Expenses associated with transportation to the hospital are high in terms of time and money, and as long as fossil fuels are used, the expenses are also high in terms of the carbon footprint [27]. The modeled analysis in our study found significant better results regarding emission of greenhouse gases. Reduced transport to/from appointments at the hospital would contribute to less emission of atmospheric pollutants. Positive environmental effects of remote follow-up, as compared to in-person consultations at the outpatient clinic has been documented [27, 28].

According to the United Nation’s sustainability development goal regarding climate action, all parts of the society should work to reduce their carbon footprints [29], and as such, videoconference has the potential to improve the climate sustainability.

Limitations

Three participants were excluded from the HRQoL analyses, due to lack of information at baseline and end-of follow-up, thus a modified intention-to-treat analysis was performed. Excluding patients from an intention-to-treat randomized trial will increase the risk of selection bias, however, the exclusion did not change the distribution of participants in the two groups [30].

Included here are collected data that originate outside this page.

(* Let $M,N:\Sigma\to c(X)$ be multimeasures with $M\ll N$, and assume that $N$ satisfies the countable chain condition. Then for every $A\in\Sigma\setminus\mathcal N(M)$ there exists $B\in\Sigma\setminus\mathcal N(M)$ with $B\subseteq A$ such that $N\ll M$ on $\Sigma_B$, i.e. every $E\in\Sigma_B$ with $M(E)=\{0\}$ satisfies $N(E)=\{0\}$.
   Context: $(\Omega,\Sigma)$ is a measurable space and $X$ is a Hausdorff locally convex space with dual $X'$. $c(X)$ is the family of nonempty closed convex subsets of $X$; $s(x',C)=\sup\{\langle x',x\rangle:x\in C\}$. A multimeasure is a map $M:\Sigma\to c(X)$ such that for every $x'\in X'$ the set function $E\mapsto s(x',M(E))$ is a $\sigma$-finite countably additive measure with values in $(-\infty,+\infty]$. $\mathcal N(M)=\{E\in\Sigma:M(E)=\{0\}\}$. $M\ll N$ means $\mathcal N(N)\subseteq\mathcal N(M)$. $\Sigma_B=\{E\in\Sigma:E\subseteq B\}$. A multimeasure $N$ satisfies the countable chain condition (ccc) if every family of pairwise disjoint sets in $\Sigma\setminus\mathcal N(N)$ is at most countable. *)

theory Defs
  imports "HOL-Analysis.Analysis"
begin

text \<open>Hausdorff locally convex (real) topological vector spaces (convexity of V written out,
  since the constant convex cannot be used inside a class specification).\<close>
class locally_convex_space = real_vector + t2_space +
  assumes add_continuous:
    "\<And>x y::'a. ((\<lambda>p. fst p + snd p) \<longlongrightarrow> x + y) (nhds x \<times>\<^sub>F nhds y)"
  assumes scaleR_continuous:
    "\<And>(c::real) (x::'a). ((\<lambda>p. fst p *\<^sub>R snd p) \<longlongrightarrow> c *\<^sub>R x) (nhds c \<times>\<^sub>F nhds x)"
  assumes convex_nhds_base:
    "\<And>U. open U \<Longrightarrow> 0 \<in> U \<Longrightarrow> \<exists>V. open V \<and> (\<forall>x\<in>V. \<forall>y\<in>V. \<forall>u\<ge>0. \<forall>v\<ge>0. u + v = 1 \<longrightarrow> u *\<^sub>R x + v *\<^sub>R y \<in> V) \<and> 0 \<in> V \<and> V \<subseteq> U"
(* Let $X$ be a pointed manifold, $f:X\to\mathbb{R}$ a Morse function, $\{m_{x,y}\in C_{|x|-|y|-1}(\Omega X),\ x,y\in\mathrm{Crit}(f)\}$ a twisting cocycle and $(\mathcal{A},\{\nu_n\})$ an $\mathcal{A}_\infty$-module over $C_*(\Omega X)$. Then $\partial=\sum_{n\ge0}(\nu_{n+1}\otimes1)\tilde{\mathbf m}^n$ is a differential (of degree $-1$, with $\partial^2=0$) on $C_*(X,m_{x,y},\mathcal{A})=\mathcal{A}\otimes\mathbb{Z}\mathrm{Crit}(f)$.
   Context: $C_*(\Omega X)$: normalized cubical chains on Moore loops based at the basepoint, an $\mathcal{A}_\infty$-algebra with $\mu_1$ = differential, $\mu_2$ = Pontryagin product, $\mu_i=0$ for $i\ge3$. Koszul sign rule: $(f\otimes g)(x\otimes y)=(-1)^{|g||x|}f(x)\otimes g(y)$. A twisting cocycle satisfies $\partial m_{x,y}=\sum_z(-1)^{|x|-|z|}m_{x,z}m_{z,y}$. An $\mathcal{A}_\infty$-module over $C_*(\Omega X)$ is a graded $\mathbb{Z}$-module $\mathcal{A}$ with maps $\nu_n:\mathcal{A}\otimes C_*(\Omega X)^{\otimes n-1}\to\mathcal{A}$ of degree $n-2$ ($\nu_1$ a differential) satisfying, for all $N\ge1$, $\sum_{s+t=N,s\ge1}(-1)^{st}\nu_{t+1}(\nu_s\otimes1^{\otimes t})+\sum_{r+s+t=N,r,s\ge1}(-1)^{r+st}\nu_{r+t+1}(1^{\otimes r}\otimes\mu_s\otimes1^{\otimes t})=0$. With $\mathbf m(x)=\sum_y m_{x,y}\otimes y$, $\tilde{\mathbf m}$ is the degree $-1$ endomorphism of $\mathcal{A}\otimes TC_*(\Omega X)\otimes\mathbb{Z}\mathrm{Crit}(f)$ (where $TC_*(\Omega X)=\bigoplus_{i\ge0}C_*(\Omega X)^{\otimes i}$) given by $\tilde{\mathbf m}(\alpha\otimes\gamma_1\otimes\cdots\otimes\gamma_k\otimes x)=(1^{\otimes k+1}\otimes\mathbf m)(\alpha\otimes\gamma_1\otimes\cdots\otimes\gamma_k\otimes x)$. *)

theory Defs
  imports Main
begin

definition sgn1 :: "int \<Rightarrow> int" where
  "sgn1 k = (if even k then 1 else -1)"

definition zmult :: "int \<Rightarrow> 'a::ab_group_add \<Rightarrow> 'a" where
  "zmult c v = (if 0 \<le> c then (\<Sum>i<nat c. v) else - (\<Sum>i<nat (- c). v))"

text \<open>A graded Z-module: the ambient abelian group is the internal direct sum
  of the subgroups G k, k in Z (G k = homogeneous elements of degree k).\<close>
definition graded_group :: "(int \<Rightarrow> 'a::ab_group_add set) \<Rightarrow> bool" where
  "graded_group G \<longleftrightarrow>
     (\<forall>k. 0 \<in> G k \<and> (\<forall>a\<in>G k. \<forall>b\<in>G k. a + b \<in> G k \<and> - a \<in> G k)) \<and>
     (\<forall>v. \<exists>S f. finite S \<and> (\<forall>k\<in>S. f k \<in> G k) \<and> v = sum f S) \<and>
     (\<forall>S f. finite S \<longrightarrow> (\<forall>k\<in>S. f k \<in> G k) \<longrightarrow> sum f S = 0 \<longrightarrow> (\<forall>k\<in>S. f k = 0))"

definition homog_list :: "(int \<Rightarrow> 'a set) \<Rightarrow> 'a list \<Rightarrow> int list \<Rightarrow> bool" where
  "homog_list G xs qs \<longleftrightarrow> length qs = length xs \<and> (\<forall>i<length xs. xs ! i \<in> G (qs ! i))"

fun mu :: "('c::ring \<Rightarrow> 'c) \<Rightarrow> 'c list \<Rightarrow> 'c" where
  "mu d [a] = d a"
| "mu d [a, b] = a * b"
| "mu d _ = 0"

text \<open>Left-hand side of the N-th A-infinity algebra relation
  sum_{r+s+t=N, s>=1} (-1)^{r+st} mu_{r+t+1}(1^r (x) mu_s (x) 1^t),
  evaluated (with the Koszul rule) on a homogeneous elementary tensor
  g_1 (x) ... (x) g_N of degrees q_1..q_N. mu_s has degree s-2.\<close>
definition ainf_alg_rel :: "('c::ring \<Rightarrow> 'c) \<Rightarrow> 'c list \<Rightarrow> int list \<Rightarrow> 'c" where
  "ainf_alg_rel d gs qs =
     (let N = length gs in
      \<Sum>r\<in>{0..N}. \<Sum>s\<in>{1..N - r}.
        zmult (sgn1 (int r + int s * int (N - r - s)) *
               sgn1 ((int s - 2) * sum_list (take r qs)))
              (mu d (take r gs @ [mu d (take s (drop r gs))] @ drop (r + s) gs)))"

text \<open>(C, mu_1 = d, mu_2 = product, mu_i = 0 for i>=3) is an A-infinity algebra
  (graded by GC, concentrated in non-negative degrees, as chains are).\<close>
definition ainf_algebra :: "(int \<Rightarrow> 'c::ring set) \<Rightarrow> ('c \<Rightarrow> 'c) \<Rightarrow> bool" where
  "ainf_algebra GC d \<longleftrightarrow>
     graded_group GC \<and>
     (\<forall>k<0. GC k = {0}) \<and>
     (\<forall>a b. d (a + b) = d a + d b) \<and>
     (\<forall>k. \<forall>a\<in>GC k. d a \<in> GC (k - 1)) \<and>
     (\<forall>i j. \<forall>a\<in>GC i. \<forall>b\<in>GC j. a * b \<in> GC (i + j)) \<and>
     (\<forall>gs qs. gs \<noteq> [] \<longrightarrow> homog_list GC gs qs \<longrightarrow> ainf_alg_rel d gs qs = 0)"

text \<open>nu n : A (x) C^{(x) n-1} \<rightarrow> A is represented by the multilinear map
  nu n alpha [g_1,...,g_{n-1}].  Left-hand side of the N-th module relation
  evaluated on the homogeneous elementary tensor alpha (x) g_1 (x) ... (x) g_{N-1}
  (alpha of degree p, g_i of degree q_i), using the Koszul sign rule.\<close>
definition ainf_mod_rel ::
  "('c::ring \<Rightarrow> 'c) \<Rightarrow> (nat \<Rightarrow> 'a::ab_group_add \<Rightarrow> 'c list \<Rightarrow> 'a) \<Rightarrow> nat \<Rightarrow> int \<Rightarrow> 'a \<Rightarrow> 'c list \<Rightarrow> int list \<Rightarrow> 'a" where
  "ainf_mod_rel d \<nu> N p \<alpha> gs qs =
     (\<Sum>s\<in>{1..N}. zmult (sgn1 (int s * int (N - s)))
                      (\<nu> (N - s + 1) (\<nu> s \<alpha> (take (s - 1) gs)) (drop (s - 1) gs)))
   + (\<Sum>r\<in>{1..N}. \<Sum>s\<in>{1..N - r}.
        zmult (sgn1 (int r + int s * int (N - r - s)) *
               sgn1 ((int s - 2) * (p + sum_list (take (r - 1) qs))))
              (\<nu> (N - s + 1) \<alpha>
                 (take (r - 1) gs @ [mu d (take s (drop (r - 1) gs))] @ drop (r - 1 + s) gs)))"

definition ainf_module ::
  "(int \<Rightarrow> 'c::ring set) \<Rightarrow> ('c \<Rightarrow> 'c) \<Rightarrow> (int \<Rightarrow> 'a::ab_group_add set) \<Rightarrow> (nat \<Rightarrow> 'a \<Rightarrow> 'c list \<Rightarrow> 'a) \<Rightarrow> bool" where
  "ainf_module GC d GA \<nu> \<longleftrightarrow>
     graded_group GA \<and>
     (\<forall>n \<alpha> \<beta> gs. \<nu> n (\<alpha> + \<beta>) gs = \<nu> n \<alpha> gs + \<nu> n \<beta> gs) \<and>
     (\<forall>n \<alpha> us a b vs. \<nu> n \<alpha> (us @ (a + b) # vs) = \<nu> n \<alpha> (us @ a # vs) + \<nu> n \<alpha> (us @ b # vs)) \<and>
     (\<forall>n p \<alpha> gs qs. 1 \<le> n \<longrightarrow> length gs = n - 1 \<longrightarrow> \<alpha> \<in> GA p \<longrightarrow> homog_list GC gs qs \<longrightarrow>
        \<nu> n \<alpha> gs \<in> GA (p + sum_list qs + int n - 2)) \<and>
     (\<forall>N p \<alpha> gs qs. 1 \<le> N \<longrightarrow> length gs = N - 1 \<longrightarrow> \<alpha> \<in> GA p \<longrightarrow> homog_list GC gs qs \<longrightarrow>
        ainf_mod_rel d \<nu> N p \<alpha> gs qs = 0)"

definition twisting_cocycle ::
  "(int \<Rightarrow> 'c::ring set) \<Rightarrow> ('c \<Rightarrow> 'c) \<Rightarrow> 'x set \<Rightarrow> ('x \<Rightarrow> nat) \<Rightarrow> ('x \<Rightarrow> 'x \<Rightarrow> 'c) \<Rightarrow> bool" where
  "twisting_cocycle GC d Crit ind m \<longleftrightarrow>
     (\<forall>x\<in>Crit. \<forall>y\<in>Crit. m x y \<in> GC (int (ind x) - int (ind y) - 1)) \<and>
     (\<forall>x\<in>Crit. \<forall>y\<in>Crit. d (m x y) =
        (\<Sum>z\<in>Crit. zmult (sgn1 (int (ind x) - int (ind z))) (m x z * m z y)))"

text \<open>Elementary homogeneous tensors c * (alpha (x) g_1 (x) ... (x) g_k (x) x) in
  A (x) T C (x) Z Crit(f), stored as (c, |alpha|, alpha, [(g_1,|g_1|),...], x).
  One application of m-tilde to such a tensor is the sum over y in Crit of
  the following term (Koszul sign (-1)^{|m| (|alpha| + sum |g_i|)}, |m| = -1).\<close>
definition mt_step ::
  "('x \<Rightarrow> nat) \<Rightarrow> ('x \<Rightarrow> 'x \<Rightarrow> 'c) \<Rightarrow> int \<times> int \<times> 'a \<times> ('c \<times> int) list \<times> 'x \<Rightarrow> 'x
     \<Rightarrow> int \<times> int \<times> 'a \<times> ('c \<times> int) list \<times> 'x" where
  "mt_step ind m e y = (case e of (c, p, \<alpha>, gs, x) \<Rightarrow>
     (c * sgn1 (p + sum_list (map snd gs)), p, \<alpha>,
      gs @ [(m x y, int (ind x) - int (ind y) - 1)], y))"

definition fsum :: "(nat \<Rightarrow> 'a::comm_monoid_add) \<Rightarrow> 'a" where
  "fsum f = sum f {n. f n \<noteq> 0}"

text \<open>The y-component of partial(alpha (x) x) = sum_{n>=0} (nu_{n+1} (x) 1) m-tilde^n (alpha (x) x),
  for alpha homogeneous of degree p; m-tilde^n (alpha (x) x) is the sum over all
  ys in Crit^n of the iterated step terms.\<close>
definition twisted_diff ::
  "'x set \<Rightarrow> ('x \<Rightarrow> nat) \<Rightarrow> ('x \<Rightarrow> 'x \<Rightarrow> 'c) \<Rightarrow> (nat \<Rightarrow> 'a::ab_group_add \<Rightarrow> 'c list \<Rightarrow> 'a)
     \<Rightarrow> int \<Rightarrow> 'a \<Rightarrow> 'x \<Rightarrow> 'x \<Rightarrow> 'a" where
  "twisted_diff Crit ind m \<nu> p \<alpha> x y =
     fsum (\<lambda>n. \<Sum>ys\<in>{ys. set ys \<subseteq> Crit \<and> length ys = n}.
        (case foldl (mt_step ind m) (1, p, \<alpha>, [], x) ys of (c, _, a, gs, z) \<Rightarrow>
           if z = y then zmult c (\<nu> (n + 1) a (map fst gs)) else 0))"

end

(*
  Chains on the based loop space live in non-negative degrees, so m x y vanishes unless
  ind y < ind x.  Hence the twisted differential of alpha (x) x is a finite sum, over the
  index-decreasing paths x = x_0, x_1, ..., x_n = y of critical points, of
  +- nu_{n+1}(alpha; m x_0 x_1, ..., m x_{n-1} x_n), the sign being the Koszul sign of the
  n-fold application of m-tilde.

  In the square of the differential, a path to y together with a point at which it is cut
  contributes exactly one nu(nu(...), ...) term of the A-infinity module relation for that
  path, so the square is minus the sum of the nu(..., mu_s(...), ...) terms.  Only mu_1 and
  mu_2 are non-zero.  By the cocycle equation, d (m u v) is the sum of the +- m u z * m z v,
  and each of these terms is the mu_2 term of the path with z inserted between u and v, with
  the opposite Koszul sign.  So everything cancels.
*)

theory Submission
  imports Defs HOL.Modules
begin

definition signed :: "int \<Rightarrow> 'a::ab_group_add \<Rightarrow> 'a" where
  "signed k v = (if even k then v else - v)"

lemma sgn1_add: "sgn1 (a + b) = sgn1 a * sgn1 b"
  by (auto simp: sgn1_def)

lemma zmult_zero [simp]: "zmult c 0 = 0"
  by (simp add: zmult_def)

lemma zmult_sgn1: "zmult (sgn1 k) v = signed k v"
  by (simp add: zmult_def sgn1_def signed_def)

lemma zmult_sgn1_mult: "zmult (sgn1 a * sgn1 b) v = signed (a + b) v"
  by (simp add: zmult_def sgn1_def signed_def)

lemma signed_signed: "signed a (signed b v) = signed (a + b) v"
  by (simp add: signed_def)

lemma signed_add: "signed k (v + w) = signed k v + signed k w"
  by (simp add: signed_def)

lemma signed_minus: "signed k (- v) = - signed k v"
  by (simp add: signed_def)

lemma signed_diff: "signed k (v - w) = signed k v - signed k w"
  by (simp add: signed_def)

lemma signed_zero [simp]: "signed k 0 = 0"
  by (simp add: signed_def)

lemma signed_sum: "signed k (sum f S) = (\<Sum>i\<in>S. signed k (f i))"
  by (simp add: signed_def sum_negf)

lemma signed_cong_even: "even (a - b) \<Longrightarrow> signed a v = signed b v"
  by (auto simp: signed_def)

lemma signed_eq_minus_odd: "odd (a - b) \<Longrightarrow> signed a v = - signed b v"
  by (auto simp: signed_def)

lemma (in additive) signed: "f (signed k v) = signed k (f v)"
  by (simp add: signed_def minus)

lemma graded_group_sum_mem:
  assumes "graded_group G" and "\<forall>i\<in>S. f i \<in> G k"
  shows "sum f S \<in> G k"
  using assms(2) by (induction S rule: infinite_finite_induct) (use assms(1) in \<open>auto simp: graded_group_def\<close>)

lemma graded_group_signed_mem: "graded_group G \<Longrightarrow> v \<in> G k \<Longrightarrow> signed j v \<in> G k"
  by (simp add: graded_group_def signed_def)

lemma homog_list_Cons: "homog_list G (a # as) (q # qs) \<longleftrightarrow> a \<in> G q \<and> homog_list G as qs"
  by (auto simp: homog_list_def nth_Cons split: nat.splits)
end

theory Submission
  imports Defs
begin

text \<open>Being a part of \<open>I\<close> squeezes an interpretation \<open>J\<close> between \<open>I\<close> and \<open>I\<^sub>O\<close> in the
  knowledge order, atom by atom. By interlacing, valuation of closed formulas is monotone in
  \<open>\<le>\<^sub>k\<close>, so \<open>I(B) \<le>\<^sub>k J(B) \<le>\<^sub>k I\<^sub>O(B)\<close>; if both ends equal \<open>\<alpha>\<close>, so does the middle.
  Conversely \<open>I\<close> and \<open>I\<^sub>O\<close> are themselves extensions of \<open>I\<close>.\<close>

lemma partial_order_relD:
  assumes "partial_order_rel le"
  shows partial_order_rel_refl: "le x x"
    and partial_order_rel_antisym: "le x y \<Longrightarrow> le y x \<Longrightarrow> x = y"
    and partial_order_rel_trans: "le x y \<Longrightarrow> le y z \<Longrightarrow> le x z"
  using assms unfolding partial_order_rel_def by blast+

lemma is_glb_glb:
  assumes "partial_order_rel le" "complete_rel le"
  shows "is_glb le S (glb le S)"
proof -
  obtain x where x: "is_glb le S x" using assms(2) unfolding complete_rel_def by blast
  moreover have "y = x" if "is_glb le S y" for y
    using x that partial_order_rel_antisym[OF assms(1)] unfolding is_glb_def by blast
  ultimately show ?thesis unfolding glb_def by (rule theI)
qed

lemma is_lub_lub:
  assumes "partial_order_rel le" "complete_rel le"
  shows "is_lub le S (lub le S)"
proof -
  obtain x where x: "is_lub le S x" using assms(2) unfolding complete_rel_def by blast
  moreover have "y = x" if "is_lub le S y" for y
    using x that partial_order_rel_antisym[OF assms(1)] unfolding is_lub_def by blast
  ultimately show ?thesis unfolding lub_def by (rule theI)
qed

lemma kbot_least:
  assumes "partial_order_rel kle" "complete_rel kle"
  shows "kle (kbot kle) x"
  using is_glb_glb[OF assms, of UNIV] unfolding kbot_def is_glb_def by blast

lemma ktop_greatest:
  assumes "partial_order_rel kle" "complete_rel kle"
  shows "kle x (ktop kle)"
  using is_lub_lub[OF assms, of UNIV] unfolding ktop_def is_lub_def by blast

lemma infinitely_interlacedD:
  fixes tle kle :: "'b \<Rightarrow> 'b \<Rightarrow> bool" and Ix :: "('b \<times> 'b) set"
  assumes "infinitely_interlaced tle kle" and "i < 4" and "le \<in> {tle, kle}"
  shows "le a b \<Longrightarrow> le (bop tle kle i {a, c}) (bop tle kle i {b, c})"
    and "(\<And>x. x \<in> Ix \<Longrightarrow> le (f x) (g x)) \<Longrightarrow>
           le (bop tle kle i (f ` Ix)) (bop tle kle i (g ` Ix))"
proof -
  note H = assms(1)[unfolded infinitely_interlaced_def, THEN spec, THEN mp, OF assms(2),
      THEN bspec, OF assms(3)]
  show "le a b \<Longrightarrow> le (bop tle kle i {a, c}) (bop tle kle i {b, c})"
    by (rule H[THEN conjunct1, rule_format])
  show "(\<And>x. x \<in> Ix \<Longrightarrow> le (f x) (g x)) \<Longrightarrow>
           le (bop tle kle i (f ` Ix)) (bop tle kle i (g ` Ix))"
    by (rule H[THEN conjunct2, rule_format]) blast
qed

It was not possible to compare videoconference consultations only to on-site consultations only, due to ethical and clinical considerations, as well as the choices made by participants regarding their follow-up. Thus a hybrid, personalized solution of follow-up, may have the opportunity to offer more sustainable healthcare options.

The low number of participants in the study makes it difficult to generalize the results to the total population, even though the number was not limited by strict inclusion and exclusion criteria.

The study has low power regarding the other outcomes investigated, and the assumptions regarding potential differences in HRQoL in the two groups were too optimistic. A non-inferiority design would have been better to establish knowledge regarding if the additional videoconference follow-up was no worse than the traditional offer. However, this was not possible to perform due to the large number of participants needed.

The analysis lacks an evaluation of costs associated with benefits realization, such as patient empowerment, collaboration, and knowledge transfer, which is, however warranted. Conducting such analysis would provide valuable insights for making informed decisions on prioritizing telemedicine in the follow-up of individuals with complex long-term needs.

Conclusion

The cost-utility analysis demonstrated that VCG was more costly compared to RCG, with € 52,120 per QALYs gained. The willingness-to-pay thresholds are not precisely defined in Norway, making it uncertain if VCG falls within an acceptable range. No significant differences were found in the two groups regarding transportation-related costs, or emission of greenhouse gases.